IV. Your "Death Matrix" Report

To put your mind at ease, we've listed the final outcomes for different configurations.

target cycle Leverage ratio state Final rate of return Ending Evaluation
BTC 15m x5.0 Margin call -100% You're doomed . It's pure gambling; the transaction fees alone will bankrupt you.
BTC 15m x1.0 -73% Slow suicide. You might as well put your money in the bank.
BTC 1h x1.0 +6% Busy doing nothing. Underperformed my cryptocurrency holdings (+49%), wasting 5 years of my youth.
BTC 4h x1.0 +96% Excellent . Outperformed cryptocurrency hoarding by 100%, demonstrating a stable mindset.
BTC 4h x3.0 +207% Excellent . Maximizes profits while keeping risks under control.
--- --- --- --- --- ---
ETH 15m x5.0 Margin call -100% Certain death . A victim of the noise trade.
ETH 1h x1.0 +172% It's alright.
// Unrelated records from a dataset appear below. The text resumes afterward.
lemma known_cures_after_events_threshold:
  fixes T :: "nat \<Rightarrow> 'a::linorder"
  assumes "\<sigma> ` {1..n} \<subseteq> {1..n}" and "mono_on {1..n} (T \<circ> \<sigma>)"
    and "\<forall>i\<in>{1..n}. \<xi> i \<and> \<nu> i \<longrightarrow> \<not> \<delta> i"
    and "\<forall>i\<in>{1..n}. (\<xi> i \<and> \<nu> i) \<longleftrightarrow> d \<le> T i"
  shows "known_cures_after_events n \<delta> \<xi> \<nu> \<sigma>"
proof (rule known_cures_after_eventsI[OF assms(1,2)], intro ballI impI)
  fix i j assume "i \<in> {1..n}" "j \<in> {1..n}" "\<delta> i \<and> \<xi> j \<and> \<nu> j"
  then have "T i < d" "d \<le> T j" using assms(3,4) by (auto simp: not_le[symmetric])
  then show "T i < T j" by simp
qed

lemma sum_times_prod_one_minus_div_tail_sum:
  fixes w :: "nat \<Rightarrow> 'a::field"
  assumes "m \<le> n" and "\<forall>i\<in>{1..m}. (\<Sum>j=i..n. w j) \<noteq> 0"
  shows "(\<Sum>j=1..n. w j) * (\<Prod>i=1..m. 1 - w i / (\<Sum>j=i..n. w j)) = (\<Sum>j=Suc m..n. w j)"
  using assms
proof (induction m)
  case 0
  then show ?case by simp
next
  case (Suc m)
  have tail: "(\<Sum>j=Suc m..n. w j) = w (Suc m) + (\<Sum>j=Suc (Suc m)..n. w j)"
    using Suc.prems(1) by (simp add: sum.atLeast_Suc_atMost)
  have "(\<Sum>j=Suc m..n. w j) \<noteq> 0" using Suc.prems by simp
  then have "(\<Sum>j=Suc m..n. w j) * (1 - w (Suc m) / (\<Sum>j=Suc m..n. w j)) = (\<Sum>j=Suc (Suc m)..n. w j)"
    by (simp add: right_diff_distrib tail)
  with Suc show ?case by (simp add: prod.nat_ivl_Suc' mult.assoc[symmetric])
qed

lemma mono_on_le_iff_prefix:
  fixes f :: "nat \<Rightarrow> 'a::linorder"
  assumes "mono_on {1..n} f"
  obtains m where "m \<le> n" and "\<And>i. i \<in> {1..n} \<Longrightarrow> f i \<le> t \<longleftrightarrow> i \<le> m"
proof -
  define m where "m = Max (insert 0 {i\<in>{1..n}. f i \<le> t})"
  have "m \<le> n" unfolding m_def by (simp add: Max_le_iff)
  moreover have "f i \<le> t \<longleftrightarrow> i \<le> m" if i: "i \<in> {1..n}" for i
  proof
    assume "f i \<le> t" then show "i \<le> m" using i unfolding m_def by (intro Max_ge) auto
  next
    assume "i \<le> m"
    moreover have "m \<in> insert 0 {i\<in>{1..n}. f i \<le> t}" unfolding m_def by (intro Max_in) auto
    ultimately have "m \<in> {1..n}" "f m \<le> t" using i by auto
    with \<open>i \<le> m\<close> i show "f i \<le> t" using mono_onD[OF assms, of i m] by simp
  qed
  ultimately show thesis using that by blast
qed

lemma Beran_w_no_censoring_before:
  assumes "mono_on {1..n} (T \<circ> \<sigma>)"
    and "\<forall>i\<in>{1..n}. T (\<sigma> i) \<le> t \<longrightarrow> \<delta> (\<sigma> i)"
    and "\<forall>i\<in>{1..n}. (\<Sum>j=i..n. w (\<sigma> j)) \<noteq> 0"
  shows "(\<Sum>j=1..n. w (\<sigma> j)) * Beran_w n w T \<delta> \<sigma> t = (\<Sum>i=1..n. w (\<sigma> i) * of_bool (t < T (\<sigma> i)))"
proof -
  obtain m where "m \<le> n" and prefix: "\<And>i. i \<in> {1..n} \<Longrightarrow> T (\<sigma> i) \<le> t \<longleftrightarrow> i \<le> m"
    using mono_on_le_iff_prefix[OF assms(1)] by (metis comp_apply)
  have "Beran_w n w T \<delta> \<sigma> t = (\<Prod>i\<in>{1..n}. if i \<in> {..m} then 1 - w (\<sigma> i) / (\<Sum>j=i..n. w (\<sigma> j)) else 1)"
    unfolding Beran_w_def using assms(2) prefix by (intro prod.cong) auto
  also have "\<dots> = (\<Prod>i\<in>{1..n} \<inter> {..m}. 1 - w (\<sigma> i) / (\<Sum>j=i..n. w (\<sigma> j)))"
    by (simp only: prod.inter_restrict[OF finite_atLeastAtMost])
  also have "{1..n} \<inter> {..m} = {1..m}" using \<open>m \<le> n\<close> by auto
  finally have "(\<Sum>j=1..n. w (\<sigma> j)) * Beran_w n w T \<delta> \<sigma> t = (\<Sum>j=Suc m..n. w (\<sigma> j))"
    using sum_times_prod_one_minus_div_tail_sum[of m n "\<lambda>j. w (\<sigma> j)"] \<open>m \<le> n\<close> assms(3) by simp
  also have "\<dots> = (\<Sum>i\<in>{1..n} \<inter> {Suc m..n}. w (\<sigma> i))"
    by (simp add: Int_absorb1)
  also have "\<dots> = (\<Sum>i=1..n. w (\<sigma> i) * of_bool (t < T (\<sigma> i)))"
    unfolding sum.inter_restrict[OF finite_atLeastAtMost] using prefix by (intro sum.cong) (auto simp: not_le[symmetric])
  finally show ?thesis .
qed

lemma Sc_w_no_censoring:
  assumes "\<sigma> ` {1..n} \<subseteq> {1..n}" and "mono_on {1..n} (T \<circ> \<sigma>)"
    and "\<forall>i\<in>{1..n}. \<delta> i \<or> (\<xi> i \<and> \<nu> i)"
    and "\<forall>i\<in>{1..n}. \<forall>j\<in>{1..n}. \<delta> i \<and> \<xi> j \<and> \<nu> j \<longrightarrow> T i < T j"
    and "\<forall>j\<in>{1..n}. \<xi> j \<and> \<nu> j \<longrightarrow> t < T j"
    and "\<forall>i\<in>{1..n}. (\<Sum>j=i..n. w (\<sigma> j)) \<noteq> 0"
  shows "(\<Sum>j=1..n. w (\<sigma> j)) * Sc_w n w T \<delta> \<xi> \<nu> \<sigma> t = (\<Sum>i=1..n. w (\<sigma> i) * of_bool (t < T (\<sigma> i)))"
proof -
  have "\<forall>i\<in>{1..n}. T (\<sigma> i) \<le> t \<longrightarrow> \<delta> (\<sigma> i)"
    using assms(1,3,5) by (fastforce simp: image_subset_iff)
  then show ?thesis
    using Sc_w_eq_Beran_w[OF known_cures_after_eventsI[OF assms(1,2,4)]]
      Beran_w_no_censoring_before[OF assms(2) _ assms(6)] by simp
qed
ETH is very volatile; you can make a little money in the short term, but it's tiring.
ETH 4h x1.0 +205% Excellent . Four times the returns of accumulating cryptocurrency, and without the need to stay up all night.
ETH 4h x3.0 +552% The King . This is the Holy Grail range for quantitative trading.
ETH 4h x5.0 +167% It's a lose-lose situation . The risk has increased dramatically, while the returns have decreased (funding costs + wear and tear).
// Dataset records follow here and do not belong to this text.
(* Let $a_0\geq1$ and $a_1,a_2,\dots$ be positive integers such that $a_{2k}\leq 3a_0-2$ for all $k\geq1$. Let $\ell=[a_0;a_1,a_2,\dots]$ (an irrational number) and $\theta=e^{2/\ell}$. Then $\mathcal A_\theta=\emptyset$.
   Context: $\lfloor x\rfloor$ is the floor of $x$; $\log$ is the natural logarithm. For real $\theta>1$ and positive integer $n$, $M'_\theta(n)=\left\lfloor 1/(\theta^{1/n}-1)\right\rfloor$, and $\mathcal A_\theta=\{n\in\mathbb N: M'_\theta(n)\neq \lfloor n/\log\theta-1/2\rfloor\}$, where $\mathbb N$ is the set of positive integers. $[a_0;a_1,a_2,\dots]$ denotes an infinite simple continued fraction. *)

theory Defs
  imports Complex_Main
begin

text \<open>Finite continued fraction [a_k; a_(k+1), ..., a_(k+n)].\<close>
fun cf_aux :: "(nat \<Rightarrow> nat) \<Rightarrow> nat \<Rightarrow> nat \<Rightarrow> real" where
  "cf_aux a k 0 = real (a k)"
| "cf_aux a k (Suc n) = real (a k) + 1 / cf_aux a (Suc k) n"

definition cf_conv :: "(nat \<Rightarrow> nat) \<Rightarrow> nat \<Rightarrow> real" where
  "cf_conv a n = cf_aux a 0 n"

definition cfrac_value :: "(nat \<Rightarrow> nat) \<Rightarrow> real" where
  "cfrac_value a = lim (cf_conv a)"

definition M' :: "real \<Rightarrow> nat \<Rightarrow> int" where
  "M' \<theta> n = \<lfloor>1 / (\<theta> powr (1 / real n) - 1)\<rfloor>"

definition A_set :: "real \<Rightarrow> nat set" where
  "A_set \<theta> = {n. n \<ge> 1 \<and> M' \<theta> n \<noteq> \<lfloor>real n / ln \<theta> - 1/2\<rfloor>}"

end

theory Submission
  imports Defs
begin

(* Write l = [a_0; a_1, a_2, ...] and xi_j = [a_j; a_(j+1), ...] for its complete quotients,
   so that xi_j = a_j + 1/xi_(j+1) and a_j <= xi_j <= a_j + 1.

   Put u = 2/(l n).  Then theta^(1/n) = e^u and n / ln theta = 1/u, and the Pade-type bounds
   1/u - 1/2 <= 1/(e^u - 1) <= 1/u - 1/2 + u/12 show that n lies in A_theta only if some
   integer lies in the interval (1/u - 1/2, 1/u - 1/2 + u/12]; doubling it and adding one gives
   an integer q with  0 < q - n l  and  n (q - n l) <= 1/(3 l) < 1/(3 a_0).

   The arithmetic heart is a lower bound for approximations from above of even complete
   quotients: if every xi_(2k) with k >= 1 is at most C - 1, where C >= 2, then
   n (q - n xi_(2k)) >= 1/C whenever q > n xi_(2k).  It is proved by strong induction on n:
   two steps of the continued fraction expansion turn (n, q) into a smaller pair (r, m)
   approximating xi_(2k+2) from above, unless r <= 0, where the bound is checked directly.
   The hypothesis a_(2k) <= 3 a_0 - 2 gives exactly C = 3 a_0, contradicting the above. *)


section \<open>Convergence of continued fractions with positive partial quotients\<close>

lemma cf_aux_bounds:
  assumes pos: "\<And>i. b i \<ge> (1::nat)"
  shows "real (b k) \<le> cf_aux b k n \<and> cf_aux b k n \<le> real (b k) + 1"
proof (induction n arbitrary: k)
  case 0
  then show ?case by simp
next
  case (Suc n)
  have "cf_aux b (Suc k) n \<ge> 1" using Suc[of "Suc k"] pos[of "Suc k"] by linarith
  then have "0 < 1 / cf_aux b (Suc k) n" "1 / cf_aux b (Suc k) n \<le> 1" by auto
  then show ?case by simp
qed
V. Final Decision Guidelines: What should you do?

Based on the passing grade of accumulating coins (+50%) , we offer the following final strategy recommendations:

  1. If you don't want the hassle/don't have the time/have a bad attitude :

    • Strategy : Pure accumulation (Buy & Hold) or MACD 4h x1.0 (spot).
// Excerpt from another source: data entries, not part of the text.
lemma psi_less:
  assumes "v \<in> {0<..<1}" "w \<in> {0<..<1}" "v < w" "psi v > 0"
  shows "psi v < psi w"
proof (rule DERIV_pos_where_pos_imp_less[of v w psi "\<lambda>x. 1 - r' x"])
  fix x assume "x \<in> {v..w}"
  then have x: "x \<in> {0<..<1}"
    using assms by auto
  show "(psi has_real_derivative 1 - r' x) (at x)"
    using psi_deriv[OF x] .
  show "psi x > 0 \<Longrightarrow> 1 - r' x > 0"
    by (rule psi_deriv_pos[OF x])
qed (use assms in auto)

lemma psi_inj:
  assumes "v \<in> {0<..<1}" "w \<in> {0<..<1}" "psi v = psi w" "psi v > 0"
  shows "v = w"
proof (cases v w rule: linorder_cases)
  case less
  then show ?thesis
    using psi_less[of v w] assms by simp
next
  case greater
  then show ?thesis
    using psi_less[of w v] assms by simp
qed

definition revenue :: "real \<Rightarrow> real \<Rightarrow> real" where
  "revenue q p = (p - c) * (1 - F (p / q))"

lemma revenue_nonpos:
  assumes "q > 0" "p \<notin> {c<..<q}"
  shows "revenue q p \<le> 0"
proof (cases "p \<le> c")
  case True
  then show ?thesis
    using F_le_1[of "p / q"] by (simp add: revenue_def mult_nonpos_nonneg)
next
  case False
  then have "1 \<le> p / q"
    using assms by simp
  then show ?thesis
    by (simp add: revenue_def F_above)
qed

lemma revenue_maximizer_exists:
  assumes "c < q"
  shows "\<exists>p. \<forall>p'. revenue q p' \<le> revenue q p"
proof -
  have q: "q > 0"
    using assms c_pos by simp
  have "continuous_on {c..q} (revenue q)"
    unfolding revenue_def[abs_def] using q
    by (intro continuous_intros continuous_on_compose2[OF F_cont]) auto
  then have "\<exists>p\<in>{c..q}. \<forall>p'\<in>{c..q}. revenue q p' \<le> revenue q p"
    using assms by (intro continuous_attains_sup[OF compact_Icc]) auto
  then obtain p where p: "\<And>p'. p' \<in> {c..q} \<Longrightarrow> revenue q p' \<le> revenue q p"
    by blast
  have "revenue q p' \<le> revenue q p" for p'
  proof (cases "p' \<in> {c<..<q}")
    case True
    then show ?thesis
      using p by simp
  next
    case False
    then have "revenue q p' \<le> revenue q c"
      using revenue_nonpos[OF q] by (simp add: revenue_def)
    then show ?thesis
      using p[of c] assms by simp
  qed
  then show ?thesis
    by blast
qed

lemma revenue_maximizer_char:
  assumes "c < q" and max: "\<And>p'. revenue q p' \<le> revenue q p"
  shows "p / q \<in> {0<..<1}" and "psi (p / q) = c / q"
proof -
  have q: "q > 0"
    using assms c_pos by simp
  have "(c + q) / 2 / q < 1"
    using assms q by (simp add: field_simps)
  then have "revenue q ((c + q) / 2) > 0"
    unfolding revenue_def using F_less_1 assms by (intro mult_pos_pos) auto
  then have "p \<in> {c<..<q}"
    using max[of "(c + q) / 2"] revenue_nonpos[OF q, of p] by linarith
  then show v: "p / q \<in> {0<..<1}"
    using q c_pos by (auto simp: field_simps)
  have "((\<lambda>p. F (p / q)) has_real_derivative f (p / q) * (1 / q)) (at p)"
    by (rule DERIV_chain2[where g = "\<lambda>p. p / q", OF F_deriv[OF v]]) (use q in \<open>auto intro!: derivative_eq_intros\<close>)
  then have "(revenue q has_real_derivative (1 - F (p / q)) - (p - c) * f (p / q) / q) (at p)"
    unfolding revenue_def[abs_def] by (auto intro!: derivative_eq_intros)
  then have "(1 - F (p / q)) - (p - c) * f (p / q) / q = 0"
    by (rule DERIV_local_max[of _ _ _ 1]) (use max in auto)
  then have "r (p / q) = p / q - c / q"
    using q f_pos[OF v] by (simp add: inv_hazard_def field_simps)
  then show "psi (p / q) = c / q"
    by (simp add: psi_eq)
qed

lemma pbar_char:
  assumes "c < q"
  shows "pbar q \<in> {0<..<1}" and "psi (pbar q) = c / q"
proof -
  have q: "q > 0"
    using assms c_pos by simp
  obtain p where max: "\<And>p'. revenue q p' \<le> revenue q p"
    using revenue_maximizer_exists[OF assms] by blast
  have "opt_price F c q = p"
    unfolding opt_price_def
  proof (rule the_equality)
    show "\<forall>p'. (p' - c) * (1 - F (p' / q)) \<le> (p - c) * (1 - F (p / q))"
      using max by (simp add: revenue_def)
  next
    fix p2 assume "\<forall>p'. (p' - c) * (1 - F (p' / q)) \<le> (p2 - c) * (1 - F (p2 / q))"
    then have max2: "\<And>p'. revenue q p' \<le> revenue q p2"
      by (simp add: revenue_def)
    have "p2 / q = p / q"
    proof (rule psi_inj)
      show "p2 / q \<in> {0<..<1}" "p / q \<in> {0<..<1}"
        using revenue_maximizer_char(1) assms max max2 by blast+
      show "psi (p2 / q) = psi (p / q)" "psi (p2 / q) > 0"
        using revenue_maximizer_char(2) assms max max2 q c_pos by simp_all
    qed
    then show "p2 = p"
      using q by simp
  qed
  then show "pbar q \<in> {0<..<1}" and "psi (pbar q) = c / q"
    using revenue_maximizer_char[OF assms max] by (simp_all add: opt_price_bar_def)
qed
    • Expected return: ~50% - 100%.

    • The cost : You have to endure asset drawdowns, but that's a million times better than losing money through reckless trading.

  2. If you want to outperform the market (BTC) :

    • Strategy : MACD 4h (x1.5 - x2.0).

    • Expected return: ~150% - 200%.

    • Key point : Strict stop-loss is essential; only trade on the 4-hour chart; never look at the 15-minute chart.

  3. If you are looking for excess returns (ETH) :

    • Strategy : MACD 4h (x2.0 - x3.0).

    • Expected return: ~400% - 550%.

    • Key point : This is the best sweet spot. Take advantage of ETH's high volatility with moderate leverage. Remember not to exceed 3x .

  4. If you are a gambler/short-term trader :

    • Strategy : MACD 15m/1h + x5.0 or higher.

    • Expected : -100% (to zero) .

    • Warning : Data proves this cannot outperform accumulating cryptocurrency, and is even less effective than donating the money.

Key conclusions

"Since holding cryptocurrency for five years only yields about 50% returns, this actually proves the value of excellent quantitative strategies."

However, this value is limited to the 4-hour level.

In cycles under one hour, all your efforts will only make things worse; you might as well just lie down and relax.

Only by standing at the golden intersection of 4H + 3x can you truly laugh at those who "hold on to the bitter end".

(The data in this article is based on historical backtesting and does not represent future returns. The market is risky; leverage should be used with caution.)

Source
Disclaimer: The content above is only the author's opinion which does not represent any position of Followin, and is not intended as, and shall not be understood or construed as, investment advice from Followin.